Я молчал. Она приперла меня к стене, и я не знал, что ответить. Кроме того, должен сознаться в своей слабости: я чувствовал странное волнение. Эта красивая девушка «с огнем в груди», эта женщина, столь отличавшаяся от остальных женщин, которых я когда-либо знал, овладела моим сердцем и притягивала меня. Соблазн был велик.

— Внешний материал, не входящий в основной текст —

lemma twice_yvar_zero_le_I2_coeff:
  assumes "th \<ge> 0" and "1 \<le> i" and "th * real i \<le> h + 1/2"
  shows "2 * yvar th h (\<lambda>_. 0) i \<le> I2_coeff th h"
proof -
  define u where "u = h - th * real i"
  define w where "w = yinc th h 1"
  have "th * 1 \<le> th * real i" using assms(1,2) by (intro mult_left_mono) auto
  then have "2 * u + 1 \<le> w" and "0 \<le> 2 * u + 1" using assms(3) by (auto simp: u_def w_def yinc_def)
  then have "0 \<le> w" and "0 \<le> 2 * th * w" using assms(1) by simp_all
  have "(2 * u)\<^sup>2 \<le> w\<^sup>2 + 2 * th * w + 1"
  proof (cases "u \<ge> 0")
    case True
    then have "(2 * u)\<^sup>2 \<le> (w - 1)\<^sup>2"
      using \<open>2 * u + 1 \<le> w\<close> by (intro power_mono) auto
    then show ?thesis using \<open>0 \<le> w\<close> \<open>0 \<le> 2 * th * w\<close>
      by (simp add: power2_eq_square algebra_simps)
  next
    case False
    then have "(2 * u)\<^sup>2 \<le> 1"
      unfolding abs_square_le_1 using \<open>0 \<le> 2 * u + 1\<close> by linarith
    then show ?thesis using \<open>0 \<le> 2 * th * w\<close> by (simp add: add_increasing)
  qed
  moreover have "(2 * u)\<^sup>2 = 4 * yvar th h (\<lambda>_. 0) i"
    by (simp add: u_def yvar_def power2_eq_square algebra_simps)
  ultimately show ?thesis by (simp add: w_def I2_coeff_def)
qed

lemma I2_formula_le_square:
  fixes m :: "nat \<Rightarrow> nat"
  assumes "th \<ge> 0" and "th * real n \<le> h + 1/2"
  shows "I2_formula n th h (\<lambda>i. real (m i)) \<le> (psum_diff 1 n th h (\<lambda>i. real (m i)))\<^sup>2"
proof -
  define x where "x = (\<lambda>i. real (m i))"
  define d where "d i = yvar th h x i - yvar th h (\<lambda>_. 0) i" for i
  define A where "A = I2_coeff th h"
  have below_n: "th * real i \<le> h + 1/2" if "i \<in> {1..n}" for i
    using that assms mult_left_mono[of "real i" "real n" th] by auto
  have d_nonneg: "0 \<le> d i" if "i \<in> {1..n}" for i
    using yvar_zero_le_yvar_of_nat[OF below_n[OF that]] by (simp add: d_def x_def)
  have S1: "psum_diff 1 n th h x = (\<Sum>i=1..n. d i)"
    by (simp add: psum_diff_eq_sum d_def)
  have "psum_diff 2 n th h x - A * psum_diff 1 n th h x
      = (\<Sum>i=1..n. (d i)\<^sup>2 + (2 * yvar th h (\<lambda>_. 0) i - A) * d i)"
    unfolding S1 psum_diff_eq_sum sum_distrib_left sum_subtractf[symmetric]
    by (rule sum.cong) (simp_all add: d_def algebra_simps power2_eq_square)
  also have "\<dots> \<le> (\<Sum>i=1..n. (d i)\<^sup>2)"
  proof (rule sum_mono)
    fix i assume "i \<in> {1..n}"
    then have "(2 * yvar th h (\<lambda>_. 0) i - A) * d i \<le> 0"
      using twice_yvar_zero_le_I2_coeff[OF assms(1) _ below_n] d_nonneg
      by (intro mult_nonpos_nonneg) (auto simp: A_def)
    then show "(d i)\<^sup>2 + (2 * yvar th h (\<lambda>_. 0) i - A) * d i \<le> (d i)\<^sup>2" by simp
  qed
  also have "\<dots> \<le> (psum_diff 1 n th h x)\<^sup>2"
    unfolding S1 using d_nonneg by (intro sum_squares_le_square_sum) auto
  finally have "psum_diff 2 n th h x - A * psum_diff 1 n th h x + th * (psum_diff 1 n th h x)\<^sup>2
      \<le> (psum_diff 1 n th h x)\<^sup>2 * (1 + th)"
    by (simp add: algebra_simps)
  then show ?thesis
    using assms(1) by (simp add: I2_formula_def A_def x_def divide_le_eq)
qed

theorem lemma4p1:
  fixes th h :: real and n :: nat and lam :: "nat \<Rightarrow> nat"
  assumes "th > 0" and "n \<ge> 1" and "h \<ge> th * real n - 1/2"
    and "partition_len n lam"
  shows "I2 n th h (\<lambda>i. real (lam i)) \<le> (I1 n th h (\<lambda>i. real (lam i)))^2"
proof -
  \<comment> \<open>The bound holds at every point of N^n.\<close>
  have "I2 n th = I2_formula n th"
    using assms(1,2) by (intro I2_eq_I2_formula) auto
  moreover have "I2_formula n th h (\<lambda>i. real (lam i)) \<le> (psum_diff 1 n th h (\<lambda>i. real (lam i)))\<^sup>2"
    using assms(1,3) by (intro I2_formula_le_square) auto
  ultimately show ?thesis by (simp add: I1_eq_psum_diff)
qed

end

Она скользнула ко мне, обвила меня руками и поцеловала в губы,
— Макумазан, — проговорила она с легкой насмешливой улыбкой, — мудрый, опытный, белый человек попался в сети бедной черной девушки, но я покажу тебе, что она может быть великодушной. Ты думаешь, я не читаю в твоем сердце, не знаю твоих мыслей? Ты боишься, что я навлеку на тебя позор и гибель? Хорошо, Макумазан, я пощажу тебя, ты ведь поцеловал меня и говорил мне слова, которые, может, уже забыл, но я никогда не забуду. Иди своей дорогой, Макумазан, а я пойду своей, чтобы не запятнать гордого белого человека прикосновением своего черного тела. Иди своей дорогой, но одно я запрещаю тебе: не смей думать, что слышал здесь лживые речи и что я для каких-то своих тщеславных целей пустила в ход свои женские чары. Я люблю тебя, Макумазан, как никогда не полюбит ни одна женщина и как я не полюблю ни одного мужчину, сколько бы раз я ни выходила замуж. Кроме того, ты должен обещать мне, что еще раз в моей жизни, один только раз, если я того пожелаю, ты снова поцелуешь меня. А теперь прощай, Макумазан, не то ты можешь забыть о гордости белого человека и совершить безумие. Снова мы встретимся только друзьями.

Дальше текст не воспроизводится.